Proof. A pair $(f' : T \to S', \varphi ' : (f')^*\mathcal{A}' \to \mathcal{O}_ T)$ is the same as a pair $(f, \varphi : f^*\mathcal{A} \to \mathcal{O}_ T)$ together with a factorization of $f$ as $f = g \circ f'$. Namely with this notation we have $(f')^* \mathcal{A}' = (f')^*g^*\mathcal{A} = f^*\mathcal{A}$. Hence the lemma. $\square$

Comment #3837 by anonymous on

This refers to Tag 01LR just above. It seems that the f on the right hand side should be the morphism making T into an S-scheme.
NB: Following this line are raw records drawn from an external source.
lemma abs_mass_gap'_le:
  assumes "0 < x"
  shows "\<bar>mass_gap' x\<bar> \<le> 8 * pi * x\<^sup>2 * \<bar>rho_kin f x - rho_kin g x\<bar> + c_Q * \<bar>charge_gap x\<bar>"
proof -
  let ?rho_term = "8 * pi * x\<^sup>2 * (rho_kin f x - rho_kin g x)"
  let ?field_term = "4 * pi * ((charge_fun lf ef x)\<^sup>2 - (charge_fun lg eg x)\<^sup>2) / x\<^sup>2"
  have "\<bar>?field_term\<bar> = 4 * pi * \<bar>(charge_fun lf ef x)\<^sup>2 - (charge_fun lg eg x)\<^sup>2\<bar> / x\<^sup>2"
    by (simp add: abs_mult)
  also have "\<dots> \<le> 4 * pi * (2 * Q_max * x\<^sup>2 * \<bar>charge_gap x\<bar>) / x\<^sup>2"
    using abs_charge_sq_diff_le[of x] assms by (intro divide_right_mono mult_left_mono) auto
  also have "\<dots> = c_Q * \<bar>charge_gap x\<bar>"
    using assms by (simp add: c_Q_def)
  finally have "\<bar>?field_term\<bar> \<le> c_Q * \<bar>charge_gap x\<bar>" .
  moreover have "\<bar>?rho_term\<bar> = 8 * pi * x\<^sup>2 * \<bar>rho_kin f x - rho_kin g x\<bar>"
    by (simp add: abs_mult)
  ultimately show ?thesis
    unfolding mass_gap'_def using abs_triangle_ineq[of ?rho_term ?field_term] by linarith
qed

lemma abs_charge_gap'_le:
  assumes "0 \<le> x"
  shows "\<bar>charge_gap' x\<bar>
    \<le> \<bar>q\<bar> * x\<^sup>2 * (exp Lam * vol_u0 * d + M_max * \<bar>exp (lf x) - exp (lg x)\<bar>)"
proof -
  have "exp (lf x) * M0 f x - exp (lg x) * M0 g x
      = exp (lf x) * (M0 f x - M0 g x) + (exp (lf x) - exp (lg x)) * M0 g x"
    by (simp add: algebra_simps)
  also have "\<bar>\<dots>\<bar> \<le> exp Lam * (d * vol_u0) + \<bar>exp (lf x) - exp (lg x)\<bar> * M_max"
    using F.lam_nonneg_le[OF assms] abs_M0_diff_le[of x] abs_M0_le_M_max(2)[of x]
    by (intro order_trans[OF abs_triangle_ineq] add_mono)
       (auto simp: abs_mult intro!: mult_mono)
  finally have "\<bar>exp (lf x) * M0 f x - exp (lg x) * M0 g x\<bar>
      \<le> exp Lam * vol_u0 * d + M_max * \<bar>exp (lf x) - exp (lg x)\<bar>"
    by (simp add: algebra_simps)
  then show ?thesis
    unfolding charge_gap'_def abs_mult[of "q * x\<^sup>2"] by (simp add: abs_mult mult_left_mono)
qed

lemma abs_charge_gap'_le_mass_gap:
  assumes "0 < x" "x \<le> r0"
  shows "\<bar>charge_gap' x\<bar> \<le> c_M * d + c_lam * \<bar>mass_gap x\<bar>"
proof -
  have "\<bar>exp (lf x) - exp (lg x)\<bar> \<le> exp Lam * (exp (2 * Lam) / 2 * (\<bar>mass_gap x\<bar> / x))"
  proof -
    have "\<bar>exp (-2 * lf x) - exp (-2 * lg x)\<bar> = \<bar>mass_gap x\<bar> / x"
      using assms by (simp add: mass_gap_eq abs_mult abs_minus_commute)
    then show ?thesis
      using abs_exp_lam_diff_le_lam_diff[of x] abs_lam_diff_le_metric_diff[of x] assms
      by (smt (verit) exp_gt_zero mult_left_mono)
  qed
  then have "\<bar>charge_gap' x\<bar> \<le> \<bar>q\<bar> * x\<^sup>2 * (exp Lam * vol_u0 * d
      + M_max * (exp Lam * (exp (2 * Lam) / 2 * (\<bar>mass_gap x\<bar> / x))))"
    using abs_charge_gap'_le[of x] assms constants_nonneg
    by (smt (verit) mult_left_mono zero_le_power2 abs_ge_zero mult_nonneg_nonneg)
  also have "\<dots> = \<bar>q\<bar> * x\<^sup>2 * exp Lam * vol_u0 * d
      + \<bar>q\<bar> * M_max * exp (3 * Lam) * x / 2 * \<bar>mass_gap x\<bar>"
    using assms by (simp add: power2_eq_square algebra_simps flip: exp_add)
  also have "\<dots> \<le> c_M * d + c_lam * \<bar>mass_gap x\<bar>"
    unfolding c_M_def c_lam_def using assms constants_nonneg d_nonneg
    by (intro add_mono mult_right_mono mult_left_mono divide_right_mono power_mono) auto
  finally show ?thesis .
qed

lemma abs_mass_gap'_le_charge_gap:
  assumes "0 < x" "x \<le> r0"
  shows "\<bar>mass_gap' x\<bar> \<le> c_rho * d + c_Q * \<bar>charge_gap x\<bar>"
proof -
  have "x\<^sup>2 * \<bar>rho_kin f x - rho_kin g x\<bar> \<le> r0\<^sup>2 * (d * sqrt (1 + u0\<^sup>2) * vol_u0)"
    using assms abs_rho_kin_diff_le[of x] by (intro mult_mono power_mono) auto
  then have "8 * pi * x\<^sup>2 * \<bar>rho_kin f x - rho_kin g x\<bar> \<le> c_rho * d"
    using mult_left_mono[of _ _ "8 * pi"] by (simp add: c_rho_def ac_simps)
  then show ?thesis
    using abs_mass_gap'_le[OF assms(1)] by linarith
qed

lemma abs_gaps_le_gronwall:
  assumes "0 \<le> r" "r \<le> r0"
  shows "\<bar>mass_gap r\<bar> \<le> K_gron * d" "\<bar>charge_gap r\<bar> \<le> K_gron * d"
proof -
  define K where "K = c_rho + c_Q + c_M + c_lam"
  define V where "V x = d\<^sup>2 + (mass_gap x)\<^sup>2 + (charge_gap x)\<^sup>2" for x
  have "V r \<le> V 0 * exp (K * (r - 0))"
  proof (rule gronwall_within[OF assms(1), where S = "{0..}"])
    fix x :: real assume "0 \<le> x"
    then show "(V has_real_derivative 2 * mass_gap x * mass_gap' x + 2 * charge_gap x * charge_gap' x)
        (at x within {0..})"
      unfolding V_def [abs_def]
      by (auto intro!: derivative_eq_intros mass_gap_DERIV charge_gap_DERIV)
  next
    fix x :: real assume "0 < x" "x < r"
    then have "\<bar>mass_gap' x\<bar> \<le> c_rho * d + c_Q * \<bar>charge_gap x\<bar>"
      "\<bar>charge_gap' x\<bar> \<le> c_M * d + c_lam * \<bar>mass_gap x\<bar>"
      using assms abs_mass_gap'_le_charge_gap abs_charge_gap'_le_mass_gap by auto
    then have "2 * mass_gap x * mass_gap' x \<le> (c_rho + c_Q) * V x"
      "2 * charge_gap x * charge_gap' x \<le> (c_M + c_lam) * V x"
      using constants_nonneg d_nonneg
        two_mul_le_sum_squares[where a = "mass_gap x" and b = "charge_gap x"]
        two_mul_le_sum_squares[where a = "charge_gap x" and b = "mass_gap x"]
      by (simp_all add: V_def add_ac)
    then show "2 * mass_gap x * mass_gap' x + 2 * charge_gap x * charge_gap' x \<le> K * V x"
      by (simp add: K_def algebra_simps)
  qed auto
  also have "\<dots> \<le> d\<^sup>2 * exp (K * r0)"
  proof -
    have "K * r \<le> K * r0"
      using assms constants_nonneg by (intro mult_left_mono) (auto simp: K_def)
    then show ?thesis by (simp add: V_def gaps_at_0 mult_left_mono)
  qed
  also have "\<dots> = (K_gron * d)\<^sup>2"
    by (simp add: K_gron_def K_def power_mult_distrib flip: exp_of_nat_mult)
  finally have "V r \<le> (K_gron * d)\<^sup>2" .
  then have "(mass_gap r)\<^sup>2 \<le> (K_gron * d)\<^sup>2" "(charge_gap r)\<^sup>2 \<le> (K_gron * d)\<^sup>2"
    unfolding V_def by (smt (verit) zero_le_power2)+
  then show "\<bar>mass_gap r\<bar> \<le> K_gron * d" "\<bar>charge_gap r\<bar> \<le> K_gron * d"
    using constants_nonneg d_nonneg by (auto simp: abs_le_square_iff[symmetric])
qed

lemma abs_mass_gap_le_near:
  assumes "0 \<le> r" "r \<le> r0"
  shows "\<bar>mass_gap r\<bar> \<le> (c_rho + c_Q * K_gron) * d * r"
proof -
  have "\<bar>mass_gap r - mass_gap 0\<bar> \<le> (c_rho + c_Q * K_gron) * d * r - (c_rho + c_Q * K_gron) * d * 0"
  proof (rule DERIV_abs_diff_le_majorant[OF assms(1), where S = "{0..}" and h' = mass_gap'
        and k = "\<lambda>x. (c_rho + c_Q * K_gron) * d * x" and k' = "\<lambda>_. (c_rho + c_Q * K_gron) * d"])
    fix x :: real assume "0 \<le> x"
    then show "(mass_gap has_real_derivative mass_gap' x) (at x within {0..})"
      by (rule mass_gap_DERIV)
    show "((\<lambda>x. (c_rho + c_Q * K_gron) * d * x) has_real_derivative (c_rho + c_Q * K_gron) * d)
        (at x within {0..})"
      by (auto intro!: derivative_eq_intros)
  next
    fix x :: real assume "0 < x" "x < r"
    then have "\<bar>mass_gap' x\<bar> \<le> c_rho * d + c_Q * \<bar>charge_gap x\<bar>"
      using assms by (intro abs_mass_gap'_le_charge_gap) auto
    also have "\<dots> \<le> c_rho * d + c_Q * (K_gron * d)"
      using abs_gaps_le_gronwall(2)[of x] \<open>0 < x\<close> \<open>x < r\<close> assms constants_nonneg
      by (intro add_left_mono mult_left_mono) auto
    finally show "\<bar>mass_gap' x\<bar> \<le> (c_rho + c_Q * K_gron) * d"
      by (simp add: algebra_simps)
  qed auto
  then show ?thesis by (simp add: gaps_at_0)
qed

lemma abs_mass_gap_le_far:
  assumes "r0 \<le> r"
  shows "\<bar>mass_gap r\<bar> \<le> (1 + c_Q * r0) * K_gron * d"
proof -
  let ?k = "c_Q * r0\<^sup>2 * K_gron * d"
  have k_nonneg: "0 \<le> ?k"
    using constants_nonneg d_nonneg by simp
  have "\<bar>mass_gap r - mass_gap r0\<bar> \<le> - ?k / r - - ?k / r0"
  proof (rule DERIV_abs_diff_le_majorant[OF assms, where S = "{0..}" and h' = mass_gap'
        and k = "\<lambda>x. - ?k / x" and k' = "\<lambda>x. ?k / x\<^sup>2"])
    fix x :: real assume "r0 \<le> x"
    then show "(mass_gap has_real_derivative mass_gap' x) (at x within {0..})"
      using r0_pos by (intro mass_gap_DERIV) simp
    show "((\<lambda>x. - ?k / x) has_real_derivative ?k / x\<^sup>2) (at x within {0..})"
      using r0_pos \<open>r0 \<le> x\<close> by (auto intro!: derivative_eq_intros simp: power2_eq_square)
  next
    fix x :: real assume x: "r0 < x" "x < r"
    have "charge_fun lf ef x = charge_fun lf ef r0" "charge_fun lg eg x = charge_fun lg eg r0"
      using r0_pos x F.charge_fun_eq_beyond[of x] G.charge_fun_eq_beyond[of x] by simp_all
    then have "\<bar>mass_gap' x\<bar>
        = 4 * pi * \<bar>(charge_fun lf ef r0)\<^sup>2 - (charge_fun lg eg r0)\<^sup>2\<bar> / x\<^sup>2"
      using x r0_pos by (simp add: mass_gap'_def F.rho_kin_eq_0 G.rho_kin_eq_0 abs_mult)
    also have "\<dots> \<le> 4 * pi * (2 * Q_max * r0\<^sup>2 * (K_gron * d)) / x\<^sup>2"
    proof -
      have "\<bar>(charge_fun lf ef r0)\<^sup>2 - (charge_fun lg eg r0)\<^sup>2\<bar> \<le> 2 * Q_max * r0\<^sup>2 * (K_gron * d)"
        using abs_charge_sq_diff_le[of r0] abs_gaps_le_gronwall(2)[of r0] r0_pos constants_nonneg
        by (smt (verit) mult_left_mono zero_le_power2 mult_nonneg_nonneg)
      then show ?thesis by (intro divide_right_mono mult_left_mono) auto
    qed
    also have "\<dots> = ?k / x\<^sup>2"
      by (simp add: c_Q_def)
    finally show "\<bar>mass_gap' x\<bar> \<le> ?k / x\<^sup>2" .
  qed (use r0_pos in auto)
  also have "\<dots> \<le> ?k / r0"
    using k_nonneg r0_pos assms by simp
  also have "\<dots> = c_Q * r0 * K_gron * d"
    using r0_pos by (simp add: power2_eq_square)
  finally show ?thesis
    using abs_gaps_le_gronwall(1)[of r0] r0_pos by (simp add: algebra_simps)
qed

lemma abs_metric_diff_le:
  assumes "0 \<le> r"
  shows "\<bar>exp (-2 * lf r) - exp (-2 * lg r)\<bar> \<le> K_metric * d"
proof (cases "r = 0")
  case True
  then show ?thesis
    using constants_nonneg d_nonneg by (simp add: F.lam_0 G.lam_0)
next
  case False
  then have r_pos: "0 < r" using assms by simp
  have metric_eq: "\<bar>exp (-2 * lf r) - exp (-2 * lg r)\<bar> = \<bar>mass_gap r\<bar> / r"
    using r_pos by (simp add: mass_gap_eq abs_mult abs_minus_commute)
  show ?thesis
  proof (cases "r \<le> r0")
    case True
    then have "\<bar>mass_gap r\<bar> / r \<le> (c_rho + c_Q * K_gron) * d"
      using abs_mass_gap_le_near[OF assms] r_pos by (simp add: divide_le_eq)
    also have "\<dots> \<le> K_metric * d"
      using constants_nonneg d_nonneg r0_pos
      by (intro mult_right_mono) (auto simp: K_metric_def)
    finally show ?thesis using metric_eq by simp
  next
    case False
    then have "\<bar>mass_gap r\<bar> / r \<le> (1 + c_Q * r0) * K_gron * d / r0"
      using abs_mass_gap_le_far[of r] r0_pos constants_nonneg d_nonneg
      by (intro frac_le) auto
    also have "\<dots> = (1 + c_Q * r0) * K_gron / r0 * d"
      by simp
    also have "\<dots> \<le> K_metric * d"
      using constants_nonneg d_nonneg
      by (intro mult_right_mono) (auto simp: K_metric_def)
    finally show ?thesis using metric_eq by simp
  qed
qed

lemma abs_lam_diff_le: "0 \<le> r \<Longrightarrow> \<bar>lf r - lg r\<bar> \<le> K_lam * d"
  using abs_lam_diff_le_metric_diff[of r] abs_metric_diff_le[of r]
  by (smt (verit) K_lam_def exp_gt_zero mult.assoc mult_left_mono divide_pos_pos)

lemma abs_exp_lam_diff_le: "0 \<le> r \<Longrightarrow> \<bar>exp (lf r) - exp (lg r)\<bar> \<le> exp Lam * K_lam * d"
  using abs_exp_lam_diff_le_lam_diff[of r] abs_lam_diff_le[of r]
  by (smt (verit) exp_gt_zero mult.assoc mult_left_mono)

lemma abs_charge_gap_le:
  assumes "0 \<le> r"
  shows "\<bar>charge_gap r\<bar> \<le> K_charge * d * r\<^sup>2"
proof -
  have "\<bar>charge_gap r\<bar> \<le> \<bar>q\<bar> * exp Lam * (vol_u0 + M_max * K_lam) * d * r0 / 3 * r\<^sup>2"
  proof (rule abs_le_quadratic_if_DERIV[OF _ _ less_imp_le[OF r0_pos] assms charge_gap_DERIV])
    show "charge_gap 0 = 0" by (rule gaps_at_0)
    show "0 \<le> \<bar>q\<bar> * exp Lam * (vol_u0 + M_max * K_lam) * d"
      using constants_nonneg d_nonneg by simp
  next
    fix x :: real assume "0 < x" "x < r0"
    then have "\<bar>charge_gap' x\<bar> \<le> \<bar>q\<bar> * x\<^sup>2 * (exp Lam * vol_u0 * d + M_max * (exp Lam * K_lam * d))"
      using abs_charge_gap'_le[of x] abs_exp_lam_diff_le[of x] constants_nonneg
      by (smt (verit) mult_left_mono zero_le_power2 abs_ge_zero mult_nonneg_nonneg)
    then show "\<bar>charge_gap' x\<bar> \<le> \<bar>q\<bar> * exp Lam * (vol_u0 + M_max * K_lam) * d * x\<^sup>2"
      by (simp add: algebra_simps)
  next
    fix x :: real assume "r0 \<le> x"
    then show "charge_gap' x = 0"
      by (simp add: charge_gap'_def F.M0_eq_0 G.M0_eq_0)
  qed
  then show ?thesis
    by (simp add: K_charge_def algebra_simps)
qed

lemma abs_field_le:
  assumes "0 \<le> r"
  shows "\<bar>exp (lf r) * ef r\<bar> \<le> Q_max" "\<bar>exp (lg r) * eg r\<bar> \<le> Q_max"
proof -
  have "\<bar>exp (lam r) * e r\<bar> \<le> Q_max"
    if "\<bar>charge_fun lam e r\<bar> \<le> Q_max * r\<^sup>2" "e 0 = 0" for lam e
  proof (cases "r = 0")
    case False
    then show ?thesis
      using that by (simp add: field_eq_charge_fun_div abs_divide divide_le_eq)
  qed (use that constants_nonneg in simp)
  then show "\<bar>exp (lf r) * ef r\<bar> \<le> Q_max" "\<bar>exp (lg r) * eg r\<bar> \<le> Q_max"
    using abs_charge_fun_le_Q_max[OF assms] F.e_0 G.e_0 by auto
qed

lemma abs_field_diff_le:
  assumes "0 \<le> r"
  shows "\<bar>exp (lf r) * ef r - exp (lg r) * eg r\<bar> \<le> K_charge * d"
proof (cases "r = 0")
  case True
  then show ?thesis using constants_nonneg d_nonneg by (simp add: F.e_0 G.e_0)
next
  case False
  then have "exp (lf r) * ef r - exp (lg r) * eg r = charge_gap r / r\<^sup>2"
    by (simp add: field_eq_charge_fun_div charge_gap_def diff_divide_distrib)
  then show ?thesis
    using abs_charge_gap_le[OF assms] False by (simp add: abs_divide divide_le_eq)
qed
So my suggestion is to write $(f \colon T \rightarrow S) \mapsto \{\text{$\phi$as above}\}$. (The right hand side should be in "set brackets" but it did not work in the preview.) In the representability statements below it would be good to say representable by an S-scheme.

Comment #3931 by on

Dear anonymous, thanks very much for pointing this out. I fixed it instead by replacing the target category with the category of schemes and not the category of schemes over $S$. See change here.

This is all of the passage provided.